In addition to the relationship with figures of the Virgin Mary, certain aspects of the Eve figure at Autun resonate with the figure of St. Mary Magdalene. Herself a conflation of a number of women who appear in the Gospels, Mary Magdalene was understood to have been a sexual sinner who repented of her sins and became a devoted follower of Jesus. The Autun sculpture’s exposed breasts and flowing hair, a strongly sexualized sign in the Middle Ages, point toward Magdalene’s early life as a prostitute, while her horizontal posture recalls her prostration at Jesus’s feet, where she wiped his feet with her hair. Her prostration also indicates that repentance requires submission and subordination, while her wiping his feet with her hair represents the intimacy with God that the repentant sinner gains. The possibility of reading this sculpture of Eve as representing Magdalene is strengthened by its appearance on a church dedicated to her brother, St. Lazarus, whom Jesus raised from the dead. A now lost tympanum sculpture that was located over the same doorway into the church represented Lazarus’s resurrection. Although its exact form is unknown, it likely included a large standing figure of Jesus so that the Eve/Mary Magdalene on the lintel did appear prostrate at his feet. This combination of images would have represented the association of sin with death, as death was understood to be a consequence of Eve’s original sin, and likewise of repentance with resurrection.[3]

In addition to Eve, the Virgin Mary, and Mary Magdalene, other biblical women also provided the opportunity to represent the various facets of womanhood as understood in the Middle Ages. For example, depictions of Bathsheba at her bath, spied on by King David, not only evoked David’s sin of adultery but also emphasized Bathsheba’s beauty and her sexuality. The image in the Hours of Louis XII (ca. 1498–99; Los Angeles, J. P. Getty Museum, MS 75) shows her naked to below the waist, with long flowing golden hair reminiscent of that used for depictions of Eve and Mary Magdalene. In such images, the gaze flits from David to Bathsheba to the viewer, often trapping her in the position of object. Yet in the Hours of Louis XII, Bathsheba looks coquettishly to one side as if soliciting David’s glance. The ambiguity of the gaze in representations of David and Bathsheba thus parallels the difficulty contemporary people had in interpreting Bathsheba’s own part in the story: she oscillates between innocent woman and agent of seduction, a paradox that has its origins in the Eve–Mary binary and that structured debates about the nature of women in the Middle Ages.
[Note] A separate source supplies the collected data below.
(* Let $f:\mathbb{R}^n\to\mathbb{R}$ be twice differentiable with $\mu I\preceq \nabla^2 f(x)\preceq L I$ for all $x$ (where $0<\mu\le L$), and strongly self-concordant with constant $M\ge 0$. Let $\kappa=L/\mu$. Run the SR1 method with correction strategy: choose $x_0\in\mathbb{R}^n$, set $G_0=L\cdot I$, $r_{-1}=0$, and for $k=0,1,2,\dots$ set $x_{k+1}=x_k-G_k^{-1}\nabla f(x_k)$, $u_k=x_{k+1}-x_k$, $r_k=\|u_k\|_{x_k}$, $\widetilde G_k=\left(1+\frac{Mr_{k-1}}{2}\right)\left(1+\frac{Mr_k}{2}\right)G_k$, $J_k=\int_0^1\nabla^2 f(x_k+tu_k)\,dt$, and $G_{k+1}=\mathrm{SR1}(J_k,\widetilde G_k,u_k)$. Suppose the initial point satisfies $M\lambda_f(x_0)\le \frac{\ln(3/2)}{4\kappa}$. Then for all $k\ge 1$, $$\lambda_f(x_k)\le\left(e^{\frac{2n\ln(e\kappa)}{k}}-1\right)^{k/2}\sqrt{3\kappa}\cdot\lambda_f(x_0).$$
   Context: $f$ is strongly self-concordant with constant $M\ge0$ if $\nabla^2 f(y)-\nabla^2 f(x)\preceq M\|y-x\|_z\nabla^2 f(w)$ for all $x,y,z,w\in\mathbb{R}^n$, where $\|u\|_x=\sqrt{u^\top\nabla^2 f(x)u}$ is the local norm. $\lambda_f(x)=\langle\nabla f(x),[\nabla^2 f(x)]^{-1}\nabla f(x)\rangle^{1/2}$. $\preceq$ is the Loewner order. For symmetric positive definite $A,G$ and $u\neq 0$, the SR1 update is $\mathrm{SR1}(A,G,u)=G$ if $(G-A)u=0$, and otherwise $\mathrm{SR1}(A,G,u)=G-\frac{(G-A)uu^\top(G-A)}{u^\top(G-A)u}$. *)

theory Defs
  imports "HOL-Analysis.Analysis"
begin

definition loewner_le :: "real^'n^'n \<Rightarrow> real^'n^'n \<Rightarrow> bool" where
  "loewner_le A B \<longleftrightarrow> (\<forall>v::real^'n. v \<bullet> (A *v v) \<le> v \<bullet> (B *v v))"

definition outer :: "real^'n \<Rightarrow> real^'n \<Rightarrow> real^'n^'n" where
  "outer u v = (\<chi> i j. u $ i * v $ j)"

definition local_norm :: "(real^'n \<Rightarrow> real^'n^'n) \<Rightarrow> real^'n \<Rightarrow> real^'n \<Rightarrow> real" where
  "local_norm H x u = sqrt (u \<bullet> (H x *v u))"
Two other Biblical women, St. Anne, the mother of the Virgin, and St. Elizabeth, her cousin, offered an alternative image of women that negotiated the Eve–Mary binary. The story of Elizabeth’s conception of St. John, as proof of the truth of the Annunciation, is included in the canonical Gospel of Luke. St. Anne’s immaculate conception of the Virgin appears in the Proto-Evangelium of James and Jacobus de Voragine’s Golden Legend. Pious, married, and blessed with children in old age and after a period of shameful sterility, the names of St. Anne and St. Elizabeth appear in prayers and charms for childbearing. Their images in books of hours and paintings commissioned by women or couples wishing to conceive are also frequently found, such as in the Visitation miniature from Anne of Brittany’s Très Petites Heures.[4] Between them, St. Elizabeth and St. Anne (who was said to have been married three times) bore a host of holy children including St. John the Baptist, St. John the Evangelist, St. James the Great, St. James the Less, St. Jude, and St. Simon. This “Holy Kinship” of Christ’s relations became an extremely popular subject for manuscript and panel paintings in the Middle Ages. Anne and Elizabeth were also popularly depicted having given birth to their holy children. For example, the Baptistery in Padua contains a fresco cycle recounting the life of St. John the Baptist by Giusto de Menabuoi, as shown in Figure 8.4. It is possible that this work was commissioned by Fina Buzzacarini, wife of the ruler of Padua, in 1375 as a thanksgiving for the birth of her son, Francesco, some fourteen years into her marriage.[5] In the frescoes, Fina is depicted with her three older daughters having entered the bedchamber of St. Elizabeth. A woman seated in the foreground turns to present St. John to the women. The fresco thus draws a parallel between Fina and St. Elizabeth, as mothers blessed by God with a son.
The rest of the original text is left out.